Для создания генетической конструкции, использованной для иммунизации мышей, применяли стандартные методики (Sambrooketal., 1989). Генную иммунизацию проводили по следующей схеме. Плазмидную ДНК, выделенную и очищенную по стандартной методике, вводили мышам в физиологическом растворе по 100 мкл в концентрации 2 мкг/мл в квадратичную мышцу 3 раза с интервалом в три недели, кровь брали на 0, 3, 6, и 9 неделях опыта. На 10 неделе из мышечной ткани из места инъекции выделили геномную ДНК по методике описанной Д. Мерфи и Дж. Хэнсоном (Гловер и др., 1989). Амплификацию геномной ДНК проводили на многоканальном амплификаторе МС-2 (АО "ДНК-Технология", Москва) в течение 40 циклов при температуре отжига 42°C. Иммуноферментный анализ (ИФА) проводили по методике, изложенной в лабораторном руководстве Гловера с соавт. (Гловер и др., 1989).
Результаты
Фрагмент генома вируса PUU длиной 1302 п.н., кодирующий полноразмерный N вирусный белок, мы переклонировали из созданной нами ранее плазмиды pGEM-TEasyS в вектор для транзиентной экспрессии pcDNA-3 по сайтам для рестриктазы EcoRI. После рестриктазного картирования и секвенирования был отобран клон pcDNA-3S с правильной ориентацией вставки относительно CMV промотора. Полученная конструкция pcDNA-3S отвечает требованиям, предъявляемым для успешной ДНК-вакцинации (Smookeretal., 2004). Вектор pcDNA-3 содержит промотор цитомегаловируса, который обеспечивает высокий уровень экспрессии клонированного гена в эукариотических клетках, а также сигнал полиаденилирования. Для наработки плазмиды в E. сoli в вектор включен прокариотический origin репликации. Кроме того, клонированная последовательность S-сегмента содержит инициирующий ATG и терминирующий TGA триплеты. Плазмидная ДНК данного клона далее была использована нами для иммунизации лабораторных мышей. В качестве контроля использовали вектор pcDNA-3, который вводили по той же схеме, что и pcDNA-3S. Сыворотка всех иммунизированных животных, собранная до начала эксперимента, а также через одну неделю после каждой инъекции была тестирована с помощью непрямого ИФА на присутствие антител к белку N хантавируса.
эукариотический вектор вирус лихорадка
Таблица 1. Гуморальный ответ мышей, иммунизированных плазмидами pcDNA-3 (контроль) и pcDNA-3S, содержащей последовательность, кодирующую N белок вируса PUU
№ животного Введенная плазмида Оптическая плотность, О.Е.
Сыворотка д. и.* Сыворотка 3 неделя п.п.и.
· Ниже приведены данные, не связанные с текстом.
lemma typ_t_ren_iff:
  assumes "b \<notin> dom \<Delta>" "a \<notin> bn_t M" "b \<notin> bn_t M"
  shows "typ_t \<Gamma> (ren_t M a b) \<sigma> \<Delta> \<longleftrightarrow> (\<exists>\<kappa>. typ_t \<Gamma> M \<sigma> (\<Delta>(b \<mapsto> \<kappa>)) \<and> le_C (dlt \<Delta> a) \<kappa>)"
proof
  assume "typ_t \<Gamma> (ren_t M a b) \<sigma> \<Delta>"
  with assms show "\<exists>\<kappa>. typ_t \<Gamma> M \<sigma> (\<Delta>(b \<mapsto> \<kappa>)) \<and> le_C (dlt \<Delta> a) \<kappa>"
    by (blast intro: typ_renD(1) le_D_le_C.C_refl)
next
  assume "\<exists>\<kappa>. typ_t \<Gamma> M \<sigma> (\<Delta>(b \<mapsto> \<kappa>)) \<and> le_C (dlt \<Delta> a) \<kappa>"
  then obtain \<kappa> where "typ_t \<Gamma> M \<sigma> (\<Delta>(b \<mapsto> \<kappa>))" "le_C (dlt \<Delta> a) \<kappa>" by blast
  from typ_renI(1)[OF this(1) assms(2,3)] this(2) show "typ_t \<Gamma> (ren_t M a b) \<sigma> \<Delta>"
    using assms by simp
qed

lemma typ_c_ren_iff:
  assumes "b \<notin> dom \<Delta>" "a \<notin> bn_c C" "b \<notin> bn_c C"
  shows "typ_c \<Gamma> (ren_c C a b) \<tau> \<Delta> \<longleftrightarrow> (\<exists>\<kappa>. typ_c \<Gamma> C \<tau> (\<Delta>(b \<mapsto> \<kappa>)) \<and> le_C (dlt \<Delta> a) \<kappa>)"
proof
  assume "typ_c \<Gamma> (ren_c C a b) \<tau> \<Delta>"
  with assms show "\<exists>\<kappa>. typ_c \<Gamma> C \<tau> (\<Delta>(b \<mapsto> \<kappa>)) \<and> le_C (dlt \<Delta> a) \<kappa>"
    by (blast intro: typ_renD(2) le_D_le_C.C_refl)
next
  assume "\<exists>\<kappa>. typ_c \<Gamma> C \<tau> (\<Delta>(b \<mapsto> \<kappa>)) \<and> le_C (dlt \<Delta> a) \<kappa>"
  then obtain \<kappa> where "typ_c \<Gamma> C \<tau> (\<Delta>(b \<mapsto> \<kappa>))" "le_C (dlt \<Delta> a) \<kappa>" by blast
  from typ_renI(2)[OF this(1) assms(2,3)] this(2) show "typ_c \<Gamma> (ren_c C a b) \<tau> \<Delta>"
    using assms by simp
qed

lemma subst_t_eq_VarD: "Var y = subst_t M L x \<Longrightarrow> M \<noteq> Var x \<Longrightarrow> M = Var y \<and> y \<noteq> x"
  and subst_t_eq_LamD: "Lam y N = subst_t M L x \<Longrightarrow> M \<noteq> Var x \<Longrightarrow> x \<notin> bv_t M \<Longrightarrow>
    \<exists>M'. M = Lam y M' \<and> N = subst_t M' L x \<and> y \<noteq> x"
  and subst_t_eq_AppD: "App N1 N2 = subst_t M L x \<Longrightarrow> M \<noteq> Var x \<Longrightarrow>
    \<exists>M1 M2. M = App M1 M2 \<and> N1 = subst_t M1 L x \<and> N2 = subst_t M2 L x"
  and subst_t_eq_MuD: "Mu g C' = subst_t M L x \<Longrightarrow> M \<noteq> Var x \<Longrightarrow> \<exists>C. M = Mu g C \<and> C' = subst_c C L x"
  and subst_c_eq_CmdD: "Cmd g N = subst_c C L x \<Longrightarrow> \<exists>M. C = Cmd g M \<and> N = subst_t M L x"
  by (cases M; auto split: if_splits; fail)+ (cases C; auto)

lemma typ_substI:
  "typ_t \<Gamma> M \<sigma> \<Delta> \<Longrightarrow> \<Gamma> x = Some \<delta> \<Longrightarrow> typ_t (\<Gamma>(x := None)) L \<delta> \<Delta> \<Longrightarrow>
     bv_t M \<inter> (fv_t L \<union> bv_t L) = {} \<Longrightarrow> bn_t M \<inter> (fn_t L \<union> bn_t L) = {} \<Longrightarrow>
     typ_t (\<Gamma>(x := None)) (subst_t M L x) \<sigma> \<Delta>"
  "typ_c \<Gamma> C \<kappa> \<Delta> \<Longrightarrow> \<Gamma> x = Some \<delta> \<Longrightarrow> typ_t (\<Gamma>(x := None)) L \<delta> \<Delta> \<Longrightarrow>
     bv_c C \<inter> (fv_t L \<union> bv_t L) = {} \<Longrightarrow> bn_c C \<inter> (fn_t L \<union> bn_t L) = {} \<Longrightarrow>
     typ_c (\<Gamma>(x := None)) (subst_c C L x) \<kappa> \<Delta>"
proof (induction rule: typ_t_typ_c.inducts)
  case (Ax \<Gamma> y d \<Delta>)
  then show ?case by (auto intro: typ_t_typ_c.Ax)
next
  case (Abs \<Gamma> M k r \<Delta> y)
  then have "y \<noteq> x" "\<Gamma> x = Some \<delta>" by (auto split: if_splits)
  have "typ_t (\<Gamma>(x := None)) L \<delta> \<Delta>"
    using Abs.prems(3) by (intro typ_env_cong(1)[OF Abs.prems(2)]) (auto simp: subset_iff)
  with Abs.prems have "typ_t (\<Gamma>(x := None)) (subst_t M L x) (Arr k r) \<Delta>"
    by (intro Abs.IH \<open>\<Gamma> x = Some \<delta>\<close>) (auto simp: fun_upd_def)
  moreover have "(\<Gamma>(x := None))(y := None) = (\<Gamma>(y := None))(x := None)"
    using \<open>y \<noteq> x\<close> by (metis fun_upd_twist)
  moreover have "gam (\<Gamma>(x := None)) y = gam \<Gamma> y"
    using \<open>y \<noteq> x\<close> by (simp add: gam_def)
  ultimately show ?case
    using typ_t_typ_c.Abs[of "\<Gamma>(x := None)" "subst_t M L x" k r \<Delta> y] \<open>y \<noteq> x\<close>
    by (metis subst_t.simps(2))
next
  case (Mu \<Gamma> C k' r \<Delta> g)
  have "typ_t (\<Gamma>(x := None)) L \<delta> \<Delta>"
    using Mu.prems(4) by (intro typ_env_cong(1)[OF Mu.prems(2)]) (auto simp: subset_iff)
  with Mu.prems have "typ_c (\<Gamma>(x := None)) (subst_c C L x) (Prod (Arr k' r) k') \<Delta>"
    by (intro Mu.IH) (auto simp: fun_upd_def)
  from typ_t_typ_c.Mu[OF this, of g] show ?case by (simp add: fun_upd_def)
qed (auto intro: typ_t_typ_c.intros)

lemma typ_basis_upd_AndD:
  "typ_t (\<Gamma>(x \<mapsto> \<delta>1)) M \<sigma> \<Delta> \<Longrightarrow> typ_t (\<Gamma>(x \<mapsto> AndD \<delta>1 \<delta>2)) M \<sigma> \<Delta>"
  "typ_t (\<Gamma>(x \<mapsto> \<delta>2)) M \<sigma> \<Delta> \<Longrightarrow> typ_t (\<Gamma>(x \<mapsto> AndD \<delta>1 \<delta>2)) M \<sigma> \<Delta>"
  "typ_c (\<Gamma>(x \<mapsto> \<delta>1)) C \<kappa> \<Delta> \<Longrightarrow> typ_c (\<Gamma>(x \<mapsto> AndD \<delta>1 \<delta>2)) C \<kappa> \<Delta>"
  "typ_c (\<Gamma>(x \<mapsto> \<delta>2)) C \<kappa> \<Delta> \<Longrightarrow> typ_c (\<Gamma>(x \<mapsto> AndD \<delta>1 \<delta>2)) C \<kappa> \<Delta>"
  by (erule typ_basis_upd_le; rule le_D_le_C.D_andL le_D_le_C.D_andR)+

lemma typ_substD_nonVar:
  assumes "typ_t \<Gamma> (subst_t M L x) \<sigma> \<Delta>"
    and "M \<noteq> Var x \<Longrightarrow> \<exists>\<delta>. typ_t (\<Gamma>(x \<mapsto> \<delta>)) M \<sigma> \<Delta> \<and> typ_t \<Gamma> L \<delta> \<Delta>"
  shows "\<exists>\<delta>. typ_t (\<Gamma>(x \<mapsto> \<delta>)) M \<sigma> \<Delta> \<and> typ_t \<Gamma> L \<delta> \<Delta>"
proof (cases "M = Var x")
  case True
  have "typ_t (\<Gamma>(x \<mapsto> \<sigma>)) (Var x) \<sigma> \<Delta>" by (simp add: typ_t_typ_c.Ax)
  with True assms(1) show ?thesis by auto
qed (rule assms(2))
Сыворотка 6 неделя п.п.и. Сыворотка 9 неделя п.п.и
1 pcDNA-3 0,641 0,484 0,364 0,298
2 pcDNA-3S 0,382 1,481 1,820 0,296
3 pcDNA-3S 0,275 2,127 1,593 0,751
4 pcDNA-3S 0,251 2,068 1,173 0,767
5 pcDNA-3S 0,370 2,116 0,883 1,944
6 pcDNA-3S 0,121 0,863 1,645 0,247
7 pcDNA-3S 0,685 1,08 0,752 0,718
8 pcDNA-3S 0,274 2,01 0,156 0,862
9 pcDNA-3S 0,413 1,483 1,503 1,616

Данные ИФА показали, что внутримышечное введение экспрессирующего вектора pcDNA-3S, кодирующего ген белка N, вызывало у большинства иммунизированных животных повышение уровня иммуноглобулинов, что, видимо, связано с синтезом N-антител (табл.1). Наибольший уровень антител, по сравнению с контролем, был зафиксирован нами в сыворотке опытных животных, взятой на 3 и 6 неделях эксперимента. В дальнейшем происходило некоторое снижение уровня антител, но, у большинства мышей конечный уровень N-антител после третьей инъекции значительно превышал исходный. У контрольного животного, иммунизированного исходным плазмидным вектором pcDNA-3, подобная динамика не наблюдалась. К сожалению, причина отсутствия вышеуказанной динамики у части иммунизированных животных не ясна.
Методом ПЦР было показано присутствие плазмиды pcDNA-3S в мышечной ткани иммунизированных мышей. Амплификация геномной ДНК, выделенной из сайта инъекции с праймером, соответствующем участку с 39 по 59 н. "+" цепи кДНК S-сегмента штамма CG-1820/Уфа-83 (ориентация "+") и праймером, комплементарным участку с 552 по 576 н. "+" цепи кДНК S-сегмента штамма CG-1820/Уфа-83, (ориентация "-") выявила фрагмент, размер которого совпал с ожидаемым и составил 537 п.н. (рис.1)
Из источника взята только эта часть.